■ The task ■
When you reach the line containing "section \<open>Operators with" in the entries below, start writing out each line exactly, and stop after the line containing "s *\<^sub>R w))".

■ Task input ■
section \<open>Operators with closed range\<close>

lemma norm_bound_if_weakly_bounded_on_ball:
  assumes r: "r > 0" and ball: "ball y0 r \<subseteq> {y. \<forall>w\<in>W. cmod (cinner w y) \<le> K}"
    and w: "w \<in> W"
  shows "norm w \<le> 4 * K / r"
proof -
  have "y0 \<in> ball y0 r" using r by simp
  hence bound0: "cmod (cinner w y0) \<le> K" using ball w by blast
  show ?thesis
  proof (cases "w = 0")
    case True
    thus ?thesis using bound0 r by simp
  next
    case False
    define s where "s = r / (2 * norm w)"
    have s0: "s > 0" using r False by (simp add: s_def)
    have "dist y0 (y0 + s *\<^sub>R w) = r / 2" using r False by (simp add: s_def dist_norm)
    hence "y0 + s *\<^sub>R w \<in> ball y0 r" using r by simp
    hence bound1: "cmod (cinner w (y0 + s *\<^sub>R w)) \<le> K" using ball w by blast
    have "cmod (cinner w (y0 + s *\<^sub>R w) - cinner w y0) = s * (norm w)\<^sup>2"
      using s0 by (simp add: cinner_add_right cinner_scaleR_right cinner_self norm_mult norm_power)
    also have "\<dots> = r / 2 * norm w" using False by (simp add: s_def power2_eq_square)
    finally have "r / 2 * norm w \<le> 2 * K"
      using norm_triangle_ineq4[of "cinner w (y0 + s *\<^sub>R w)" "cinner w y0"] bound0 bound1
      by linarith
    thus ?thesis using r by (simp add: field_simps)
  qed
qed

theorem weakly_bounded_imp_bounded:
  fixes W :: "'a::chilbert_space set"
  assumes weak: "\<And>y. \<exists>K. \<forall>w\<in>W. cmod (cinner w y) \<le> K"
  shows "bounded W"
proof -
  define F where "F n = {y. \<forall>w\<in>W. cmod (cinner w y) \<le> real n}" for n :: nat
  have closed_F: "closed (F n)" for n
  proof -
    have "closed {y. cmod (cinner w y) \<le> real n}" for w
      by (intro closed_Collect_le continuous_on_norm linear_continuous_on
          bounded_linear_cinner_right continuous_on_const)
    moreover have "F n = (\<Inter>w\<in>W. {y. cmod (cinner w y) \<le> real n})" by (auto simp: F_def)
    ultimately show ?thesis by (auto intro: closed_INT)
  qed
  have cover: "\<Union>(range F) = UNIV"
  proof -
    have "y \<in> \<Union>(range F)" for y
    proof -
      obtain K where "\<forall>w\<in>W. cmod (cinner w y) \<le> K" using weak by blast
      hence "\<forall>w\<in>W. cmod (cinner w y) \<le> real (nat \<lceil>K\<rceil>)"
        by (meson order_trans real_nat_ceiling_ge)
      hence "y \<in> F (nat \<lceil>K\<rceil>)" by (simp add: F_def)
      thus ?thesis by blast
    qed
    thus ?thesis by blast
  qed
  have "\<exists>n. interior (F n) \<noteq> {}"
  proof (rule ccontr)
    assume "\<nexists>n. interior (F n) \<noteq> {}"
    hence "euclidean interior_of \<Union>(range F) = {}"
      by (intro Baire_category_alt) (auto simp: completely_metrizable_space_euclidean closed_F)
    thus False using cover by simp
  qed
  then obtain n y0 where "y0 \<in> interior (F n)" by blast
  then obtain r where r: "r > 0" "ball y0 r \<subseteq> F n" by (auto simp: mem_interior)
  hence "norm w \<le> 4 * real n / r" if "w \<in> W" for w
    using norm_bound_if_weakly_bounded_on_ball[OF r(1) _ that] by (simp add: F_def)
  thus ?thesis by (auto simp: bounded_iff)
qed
---
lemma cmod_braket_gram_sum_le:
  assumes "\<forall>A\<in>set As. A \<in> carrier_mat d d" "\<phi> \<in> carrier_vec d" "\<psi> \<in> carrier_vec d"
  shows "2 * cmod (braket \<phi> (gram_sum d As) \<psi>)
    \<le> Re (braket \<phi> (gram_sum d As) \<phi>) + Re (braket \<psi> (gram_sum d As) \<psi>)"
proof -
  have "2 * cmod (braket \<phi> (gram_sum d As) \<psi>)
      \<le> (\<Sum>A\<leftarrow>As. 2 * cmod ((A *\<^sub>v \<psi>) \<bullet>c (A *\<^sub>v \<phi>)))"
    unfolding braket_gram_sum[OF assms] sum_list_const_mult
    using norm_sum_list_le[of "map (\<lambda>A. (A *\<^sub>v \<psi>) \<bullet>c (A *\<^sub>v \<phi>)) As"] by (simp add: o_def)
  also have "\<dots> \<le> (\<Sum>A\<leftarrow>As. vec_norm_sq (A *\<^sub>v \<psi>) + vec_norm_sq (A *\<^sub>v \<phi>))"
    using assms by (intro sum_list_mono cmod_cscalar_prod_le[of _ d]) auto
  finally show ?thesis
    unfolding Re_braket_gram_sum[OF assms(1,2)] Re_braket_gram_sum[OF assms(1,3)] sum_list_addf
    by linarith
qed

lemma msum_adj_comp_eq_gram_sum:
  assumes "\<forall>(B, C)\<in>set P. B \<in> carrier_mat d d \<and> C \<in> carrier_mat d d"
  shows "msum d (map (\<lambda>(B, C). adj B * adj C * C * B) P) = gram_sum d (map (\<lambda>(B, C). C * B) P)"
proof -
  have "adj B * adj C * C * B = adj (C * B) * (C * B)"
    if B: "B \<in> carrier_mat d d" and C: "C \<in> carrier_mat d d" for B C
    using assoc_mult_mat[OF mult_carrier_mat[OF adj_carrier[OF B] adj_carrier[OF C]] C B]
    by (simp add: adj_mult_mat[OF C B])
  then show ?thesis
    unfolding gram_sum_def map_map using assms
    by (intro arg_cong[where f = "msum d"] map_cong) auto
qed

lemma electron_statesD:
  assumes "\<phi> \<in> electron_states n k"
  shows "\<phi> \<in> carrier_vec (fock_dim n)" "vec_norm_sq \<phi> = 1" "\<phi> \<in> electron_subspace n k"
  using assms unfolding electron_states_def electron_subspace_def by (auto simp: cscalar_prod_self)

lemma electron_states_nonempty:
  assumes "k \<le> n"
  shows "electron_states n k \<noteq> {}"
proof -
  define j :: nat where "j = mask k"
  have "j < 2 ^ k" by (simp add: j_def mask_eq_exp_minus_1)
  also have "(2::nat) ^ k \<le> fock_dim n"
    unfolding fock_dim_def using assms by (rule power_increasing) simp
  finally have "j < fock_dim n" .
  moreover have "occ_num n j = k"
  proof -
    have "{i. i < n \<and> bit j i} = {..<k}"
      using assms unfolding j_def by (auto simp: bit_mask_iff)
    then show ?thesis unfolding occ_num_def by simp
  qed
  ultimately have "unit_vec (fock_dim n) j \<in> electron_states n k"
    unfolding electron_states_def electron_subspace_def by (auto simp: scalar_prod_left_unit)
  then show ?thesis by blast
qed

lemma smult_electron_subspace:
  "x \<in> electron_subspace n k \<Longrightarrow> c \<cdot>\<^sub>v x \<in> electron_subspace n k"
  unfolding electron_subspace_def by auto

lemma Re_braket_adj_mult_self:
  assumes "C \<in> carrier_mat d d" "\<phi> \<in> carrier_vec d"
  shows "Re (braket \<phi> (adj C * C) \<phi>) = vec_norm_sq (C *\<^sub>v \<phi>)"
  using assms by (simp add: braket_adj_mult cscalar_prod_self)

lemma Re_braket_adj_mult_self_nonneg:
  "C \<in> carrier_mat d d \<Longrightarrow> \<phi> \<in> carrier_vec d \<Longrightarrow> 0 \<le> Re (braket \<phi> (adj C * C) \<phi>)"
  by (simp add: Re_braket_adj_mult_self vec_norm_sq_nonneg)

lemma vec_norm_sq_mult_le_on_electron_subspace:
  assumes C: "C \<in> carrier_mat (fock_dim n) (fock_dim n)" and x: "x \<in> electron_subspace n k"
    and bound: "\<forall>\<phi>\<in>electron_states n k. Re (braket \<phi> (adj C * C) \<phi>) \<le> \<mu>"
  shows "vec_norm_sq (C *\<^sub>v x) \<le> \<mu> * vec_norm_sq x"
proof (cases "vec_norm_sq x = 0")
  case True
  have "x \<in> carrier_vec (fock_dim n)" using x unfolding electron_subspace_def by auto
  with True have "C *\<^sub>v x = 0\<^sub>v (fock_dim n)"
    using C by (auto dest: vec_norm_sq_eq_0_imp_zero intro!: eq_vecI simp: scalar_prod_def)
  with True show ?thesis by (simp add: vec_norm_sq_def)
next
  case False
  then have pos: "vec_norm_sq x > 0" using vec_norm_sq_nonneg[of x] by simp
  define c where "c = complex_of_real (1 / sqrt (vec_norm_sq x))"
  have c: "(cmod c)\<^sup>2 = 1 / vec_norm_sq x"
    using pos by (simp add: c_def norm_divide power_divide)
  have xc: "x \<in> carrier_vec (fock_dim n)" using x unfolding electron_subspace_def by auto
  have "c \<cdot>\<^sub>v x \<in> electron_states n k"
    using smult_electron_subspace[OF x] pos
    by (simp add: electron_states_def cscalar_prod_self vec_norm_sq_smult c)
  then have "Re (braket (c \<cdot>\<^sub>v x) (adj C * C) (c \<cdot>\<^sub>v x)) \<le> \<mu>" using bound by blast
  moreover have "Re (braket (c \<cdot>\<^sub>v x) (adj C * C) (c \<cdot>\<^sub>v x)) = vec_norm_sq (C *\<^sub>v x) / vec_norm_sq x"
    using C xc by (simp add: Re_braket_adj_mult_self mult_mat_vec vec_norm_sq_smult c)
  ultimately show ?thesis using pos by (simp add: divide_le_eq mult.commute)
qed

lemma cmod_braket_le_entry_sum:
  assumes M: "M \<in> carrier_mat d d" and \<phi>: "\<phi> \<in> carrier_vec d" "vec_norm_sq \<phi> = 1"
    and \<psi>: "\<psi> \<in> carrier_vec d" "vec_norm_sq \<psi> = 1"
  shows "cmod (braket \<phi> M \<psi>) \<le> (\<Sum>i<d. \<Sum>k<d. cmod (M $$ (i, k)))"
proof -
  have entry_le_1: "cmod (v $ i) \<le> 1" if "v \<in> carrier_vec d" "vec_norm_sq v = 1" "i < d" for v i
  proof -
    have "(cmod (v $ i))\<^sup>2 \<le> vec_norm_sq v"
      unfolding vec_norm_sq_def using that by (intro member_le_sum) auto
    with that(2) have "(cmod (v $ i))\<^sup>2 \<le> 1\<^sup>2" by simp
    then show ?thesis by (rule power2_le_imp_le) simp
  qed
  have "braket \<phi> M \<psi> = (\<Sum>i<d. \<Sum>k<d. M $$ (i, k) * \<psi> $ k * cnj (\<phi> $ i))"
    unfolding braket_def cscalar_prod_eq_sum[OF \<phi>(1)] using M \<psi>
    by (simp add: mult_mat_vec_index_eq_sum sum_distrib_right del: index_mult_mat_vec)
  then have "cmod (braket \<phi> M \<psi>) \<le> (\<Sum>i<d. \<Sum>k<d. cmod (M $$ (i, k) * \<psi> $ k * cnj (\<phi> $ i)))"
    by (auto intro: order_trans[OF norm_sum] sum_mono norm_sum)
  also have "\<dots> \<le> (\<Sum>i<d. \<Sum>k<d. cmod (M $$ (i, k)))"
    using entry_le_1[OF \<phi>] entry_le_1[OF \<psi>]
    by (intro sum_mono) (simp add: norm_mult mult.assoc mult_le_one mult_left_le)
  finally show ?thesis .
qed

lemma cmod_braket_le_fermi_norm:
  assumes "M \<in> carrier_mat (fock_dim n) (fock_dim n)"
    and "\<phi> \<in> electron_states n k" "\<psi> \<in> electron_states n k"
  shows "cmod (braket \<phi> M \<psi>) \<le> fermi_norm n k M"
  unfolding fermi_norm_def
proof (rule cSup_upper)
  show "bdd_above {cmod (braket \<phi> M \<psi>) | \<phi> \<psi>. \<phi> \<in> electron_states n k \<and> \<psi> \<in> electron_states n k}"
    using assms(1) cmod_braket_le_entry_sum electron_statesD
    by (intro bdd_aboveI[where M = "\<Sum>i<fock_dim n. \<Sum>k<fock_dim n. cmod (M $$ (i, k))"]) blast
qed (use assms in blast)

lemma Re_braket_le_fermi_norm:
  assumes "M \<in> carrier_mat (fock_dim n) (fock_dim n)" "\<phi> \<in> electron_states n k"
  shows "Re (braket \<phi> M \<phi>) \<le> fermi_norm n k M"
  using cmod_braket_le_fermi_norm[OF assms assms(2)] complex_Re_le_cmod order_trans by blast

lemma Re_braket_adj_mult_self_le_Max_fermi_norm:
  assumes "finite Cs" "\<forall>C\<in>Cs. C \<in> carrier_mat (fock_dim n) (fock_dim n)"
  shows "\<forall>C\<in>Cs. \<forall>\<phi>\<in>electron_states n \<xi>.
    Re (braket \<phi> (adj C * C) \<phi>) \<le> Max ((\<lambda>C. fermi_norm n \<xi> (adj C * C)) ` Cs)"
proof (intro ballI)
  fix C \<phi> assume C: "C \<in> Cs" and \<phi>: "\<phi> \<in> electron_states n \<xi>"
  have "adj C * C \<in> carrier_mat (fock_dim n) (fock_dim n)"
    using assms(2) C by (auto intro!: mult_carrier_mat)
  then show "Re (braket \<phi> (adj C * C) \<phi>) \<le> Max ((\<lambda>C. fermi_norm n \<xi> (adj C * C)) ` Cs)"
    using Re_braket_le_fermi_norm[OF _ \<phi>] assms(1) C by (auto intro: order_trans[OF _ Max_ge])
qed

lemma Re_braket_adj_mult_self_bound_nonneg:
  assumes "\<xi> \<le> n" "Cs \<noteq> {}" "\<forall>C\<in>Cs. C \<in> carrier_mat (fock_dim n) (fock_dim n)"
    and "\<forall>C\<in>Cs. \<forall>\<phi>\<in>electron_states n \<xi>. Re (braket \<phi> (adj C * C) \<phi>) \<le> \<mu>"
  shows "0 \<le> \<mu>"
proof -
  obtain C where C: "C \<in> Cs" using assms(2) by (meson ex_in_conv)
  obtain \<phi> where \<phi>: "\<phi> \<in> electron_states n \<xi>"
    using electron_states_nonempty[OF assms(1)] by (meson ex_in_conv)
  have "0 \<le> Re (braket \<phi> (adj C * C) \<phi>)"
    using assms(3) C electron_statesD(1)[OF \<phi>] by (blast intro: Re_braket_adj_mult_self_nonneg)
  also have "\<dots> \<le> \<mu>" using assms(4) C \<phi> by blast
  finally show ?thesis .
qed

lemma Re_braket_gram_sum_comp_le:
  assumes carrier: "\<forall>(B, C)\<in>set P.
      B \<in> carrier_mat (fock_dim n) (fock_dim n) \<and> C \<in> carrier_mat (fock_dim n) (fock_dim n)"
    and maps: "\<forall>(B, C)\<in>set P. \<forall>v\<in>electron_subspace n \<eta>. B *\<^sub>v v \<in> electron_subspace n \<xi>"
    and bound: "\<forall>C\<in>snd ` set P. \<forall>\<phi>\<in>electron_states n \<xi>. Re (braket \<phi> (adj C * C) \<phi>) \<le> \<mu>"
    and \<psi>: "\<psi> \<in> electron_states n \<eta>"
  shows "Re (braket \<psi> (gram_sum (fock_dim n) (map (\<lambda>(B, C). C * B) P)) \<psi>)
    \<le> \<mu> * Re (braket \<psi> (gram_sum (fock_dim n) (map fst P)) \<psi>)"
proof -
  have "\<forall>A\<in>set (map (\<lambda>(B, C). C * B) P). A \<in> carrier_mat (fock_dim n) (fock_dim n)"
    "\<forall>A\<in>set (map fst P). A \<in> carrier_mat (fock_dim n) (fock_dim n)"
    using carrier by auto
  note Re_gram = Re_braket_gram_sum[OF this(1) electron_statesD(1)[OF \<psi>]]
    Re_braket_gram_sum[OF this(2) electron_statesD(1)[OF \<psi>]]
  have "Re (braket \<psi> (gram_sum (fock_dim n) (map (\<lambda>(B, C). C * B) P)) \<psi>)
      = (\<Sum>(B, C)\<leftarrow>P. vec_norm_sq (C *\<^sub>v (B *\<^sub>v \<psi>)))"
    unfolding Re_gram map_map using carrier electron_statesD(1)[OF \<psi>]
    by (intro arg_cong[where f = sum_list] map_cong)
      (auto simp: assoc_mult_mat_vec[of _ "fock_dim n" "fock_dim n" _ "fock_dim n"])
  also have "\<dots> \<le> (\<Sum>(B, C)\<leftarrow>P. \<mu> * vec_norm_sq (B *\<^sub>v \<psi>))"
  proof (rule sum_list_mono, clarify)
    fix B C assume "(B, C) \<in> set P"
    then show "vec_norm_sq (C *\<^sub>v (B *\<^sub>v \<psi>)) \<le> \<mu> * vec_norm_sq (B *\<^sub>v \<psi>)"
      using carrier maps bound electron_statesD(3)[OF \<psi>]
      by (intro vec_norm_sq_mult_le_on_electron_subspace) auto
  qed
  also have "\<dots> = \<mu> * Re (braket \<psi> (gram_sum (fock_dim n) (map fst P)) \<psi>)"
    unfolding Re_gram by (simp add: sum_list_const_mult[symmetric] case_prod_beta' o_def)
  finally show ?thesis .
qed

■ Finished task ■
section \<open>Operators with closed range\<close>

lemma norm_bound_if_weakly_bounded_on_ball:
  assumes r: "r > 0" and ball: "ball y0 r \<subseteq> {y. \<forall>w\<in>W. cmod (cinner w y) \<le> K}"
    and w: "w \<in> W"
  shows "norm w \<le> 4 * K / r"
proof -
  have "y0 \<in> ball y0 r" using r by simp
  hence bound0: "cmod (cinner w y0) \<le> K" using ball w by blast
  show ?thesis
  proof (cases "w = 0")
    case True
    thus ?thesis using bound0 r by simp
  next
    case False
    define s where "s = r / (2 * norm w)"
    have s0: "s > 0" using r False by (simp add: s_def)
    have "dist y0 (y0 + s *\<^sub>R w) = r / 2" using r False by (simp add: s_def dist_norm)
    hence "y0 + s *\<^sub>R w \<in> ball y0 r" using r by simp
    hence bound1: "cmod (cinner w (y0 + s *\<^sub>R w)) \<le> K" using ball w by blast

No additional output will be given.